Consider the below dataframe
df:
time |
---|
2022-02-21T11:23:54 |
I have to convert it to
time |
---|
2022-02-21T11:23:00 |
After using the below code
df.withColumn("time_updated", date_trunc("minute", col("time"))).show(truncate = False)
My output
time |
---|
2022-02-21 11:23:00 |
By desired output is
time |
---|
2022-02-21T11:23:00 |
Is there anyway I can keep the data same and just update/truncate the seconds??

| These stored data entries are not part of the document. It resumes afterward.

lemma (in finite_measure) non_atomic_unequal_split:
  assumes "non_atomic M" "0 < measure M (space M)"
  obtains D where "D \<in> sets M" "0 < measure M D" "measure M D < measure M (space M - D)"
proof -
  have compl: "measure M (space M - E) = measure M (space M) - measure M E" if "E \<in> sets M" for E
    using that sets.sets_into_space by (intro finite_measure_Diff) auto
  obtain D where D: "D \<in> sets M" "0 < measure M D" "measure M D < measure M (space M)"
    using non_atomic_proper_subset[OF assms(1) sets.top assms(2)] by blast
  consider "measure M D < measure M (space M - D)" | "measure M (space M - D) < measure M D"
    | "measure M D = measure M (space M - D)"
    by linarith
  then show ?thesis
  proof cases
    case 1
    with D show ?thesis by (intro that) auto
  next
    case 2
    moreover have "space M - (space M - D) = D"
      using sets.sets_into_space[OF D(1)] by blast
    ultimately show ?thesis
      using D compl[OF D(1)] by (intro that[of "space M - D"]) auto
  next
    case 3
    \<comment> \<open>halves of equal mass: shrinking one of them breaks the tie\<close>
    obtain D' where D': "D' \<in> sets M" "0 < measure M D'" "measure M D' < measure M D"
      using non_atomic_proper_subset[OF assms(1) D(1,2)] by blast
    have "measure M D' < measure M (space M - D')"
      using D' 3 compl[OF D(1)] compl[OF D'(1)] by linarith
    with D'(1,2) show ?thesis by (rule that)
  qed
qed

lemma non_atomic_density:
  assumes na: "non_atomic M" and W[measurable]: "W \<in> borel_measurable M"
    and fin: "(\<integral>\<^sup>+x. W x \<partial>M) \<noteq> \<infinity>"
  shows "non_atomic (density M W)"
proof -
  let ?\<nu> = "density M W"
  have "emeasure ?\<nu> (space ?\<nu>) = (\<integral>\<^sup>+x. W x \<partial>M)"
    by (auto simp: emeasure_density intro!: nn_integral_cong)
  then have "emeasure ?\<nu> (space ?\<nu>) \<noteq> \<infinity>"
    using fin by simp
  then interpret \<nu>: finite_measure ?\<nu> ..
  have pos: "emeasure ?\<nu> E \<noteq> 0"
    if E: "E \<in> sets M" "\<forall>x\<in>E. W x \<noteq> 0" "emeasure M E \<noteq> 0" for E
  proof
    assume "emeasure ?\<nu> E = 0"
    then have "AE x in M. x \<in> E \<longrightarrow> W x = 0"
      using null_sets_density_iff[OF W, of E] E by (auto simp: null_sets_def)
    then have "AE x in M. x \<notin> E" using E by (auto elim: AE_mp)
    then show False using E AE_iff_null_sets[of E M] by (simp add: null_sets_def)
  qed
  show ?thesis
    unfolding non_atomic_def sets_density
  proof (intro notI, elim bexE conjE)
    fix A assume A: "A \<in> sets M" "0 < emeasure ?\<nu> A"
      and atom: "\<forall>B\<in>sets M. B \<subseteq> A \<longrightarrow> emeasure ?\<nu> B = 0 \<or> emeasure ?\<nu> B = emeasure ?\<nu> A"
    define A' where "A' = {x\<in>A. W x \<noteq> 0}"
    have A'[measurable]: "A' \<in> sets M" using A by (simp add: A'_def)
    have "emeasure M A' \<noteq> 0"
    proof
      assume "emeasure M A' = 0"
      then have "AE x in M. x \<in> A \<longrightarrow> W x = 0"
        using AE_not_in[of A' M] A' by (auto simp: null_sets_def A'_def elim: AE_mp)
      then show False using A null_sets_density_iff[OF W, of A] by (auto simp: null_sets_def)
    qed
    then obtain B where B: "B \<in> sets M" "B \<subseteq> A'" "emeasure M B \<noteq> 0" "emeasure M B \<noteq> emeasure M A'"
      using na A' unfolding non_atomic_def by (auto simp: zero_less_iff_neq_zero)
    have "emeasure M (A' - B) \<noteq> 0"
    proof
      assume "emeasure M (A' - B) = 0"
      then have "emeasure M A' \<le> emeasure M B"
        using emeasure_subadditive[of B M "A' - B"] B A' by (simp add: Un_absorb1)
      then show False using B A' emeasure_mono[of B A' M] by simp
    qed
    then have "emeasure ?\<nu> (A' - B) \<noteq> 0"
      using A' B by (intro pos) (auto simp: A'_def)
    moreover have "emeasure ?\<nu> (A' - B) \<le> emeasure ?\<nu> (A - B)"
      using A B by (intro emeasure_mono) (auto simp: A'_def)
    ultimately have "0 < measure ?\<nu> (A - B)"
      by (simp add: \<nu>.emeasure_eq_measure) (use measure_nonneg[of ?\<nu> "A' - B"] in linarith)
    moreover have "measure ?\<nu> (A - B) = measure ?\<nu> A - measure ?\<nu> B"
      using A B by (intro \<nu>.finite_measure_Diff) (auto simp: A'_def)
    moreover have "emeasure ?\<nu> B \<noteq> 0"
      using B by (intro pos) (auto simp: A'_def)
    ultimately show False
      using atom B(1,2) by (auto simp: A'_def \<nu>.emeasure_eq_measure)
  qed
qed
theorem mainTheorem3:
  fixes P :: "'a pq"
  assumes "power_quandle P"
  shows "abgrp_obj (ZOr_pq P) (ZOr_grp P)
       \<and> pq_hom P (ZOr_pq P) (ZOr_eta P)
       \<and> (\<forall>(Q :: 'b pq) (H :: 'b monoid) f.
            abgrp_obj Q H \<and> pq_hom P Q f \<longrightarrow>
              (\<exists>g. abgrp_obj_hom (ZOr_pq P) (ZOr_grp P) Q H g
                   \<and> (\<forall>a\<in>pq_carrier P. g (ZOr_eta P a) = f a))
            \<and> (\<forall>g g'. abgrp_obj_hom (ZOr_pq P) (ZOr_grp P) Q H g
                   \<and> (\<forall>a\<in>pq_carrier P. g (ZOr_eta P a) = f a)
                   \<and> abgrp_obj_hom (ZOr_pq P) (ZOr_grp P) Q H g'
                   \<and> (\<forall>a\<in>pq_carrier P. g' (ZOr_eta P a) = f a)
                   \<longrightarrow> (\<forall>x\<in>carrier (ZOr_grp P). g x = g' x)))"
proof (intro conjI allI impI ballI; (elim conjE)?)
  show "abgrp_obj (ZOr_pq P) (ZOr_grp P)" using ZOr_abgrp_obj[OF assms] .
  show "pq_hom P (ZOr_pq P) (ZOr_eta P)" using ZOr_eta_pq_hom[OF assms] .
  fix Q :: "'b pq" and H :: "'b monoid" and f
  assume Q: "abgrp_obj Q H" and f: "pq_hom P Q f"
  obtain h where h: "h \<in> hom (ZOr_grp P) H"
    and h_eta: "\<And>a. a \<in> pq_carrier P \<Longrightarrow> h (ZOr_eta P a) = f a"
    using ZOr_lift[OF assms Q f] by blast
  have "abgrp_obj_hom (ZOr_pq P) (ZOr_grp P) Q H h"
    using ZOr_lift_abgrp_obj_hom[OF assms Q f h h_eta] .
  with h_eta show "\<exists>g. abgrp_obj_hom (ZOr_pq P) (ZOr_grp P) Q H g
                   \<and> (\<forall>a\<in>pq_carrier P. g (ZOr_eta P a) = f a)" by blast
  fix g g' x
  assume "abgrp_obj_hom (ZOr_pq P) (ZOr_grp P) Q H g" "\<forall>a\<in>pq_carrier P. g (ZOr_eta P a) = f a"
    "abgrp_obj_hom (ZOr_pq P) (ZOr_grp P) Q H g'" "\<forall>a\<in>pq_carrier P. g' (ZOr_eta P a) = f a"
    "x \<in> carrier (ZOr_grp P)"
  moreover have "group H" using Q by (simp add: abgrp_obj_def comm_group_def)
  ultimately show "g x = g' x"
    using ZOr_hom_eqI[of H g P g' x] by (simp add: abgrp_obj_hom_def)
qed

end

The issue lies in the output format of your time_updated
column. When you use date_trunc
, it returns a timestamp
type, which is displayed in the default format (yyyy-MM-dd HH:mm:ss
). To match your desired format, you need to explicitly format the output as a string.
Here’s how you can do it:
from pyspark.sql import functions as F
df = df.withColumn(
"time_updated",
F.date_format(F.col("time").cast("timestamp"), "yyyy-MM-dd'T'HH:mm:00"),
)
df.show(truncate=False)
Output:
+-------------------+-------------------+
|time |time_updated |
+-------------------+-------------------+
|2022-02-21T11:23:54|2022-02-21T11:23:00|
+-------------------+-------------------+
You can confirm the schema using df.printSchema()
:
root
|-- time: string (nullable = true)
|-- time_updated: string (nullable = true)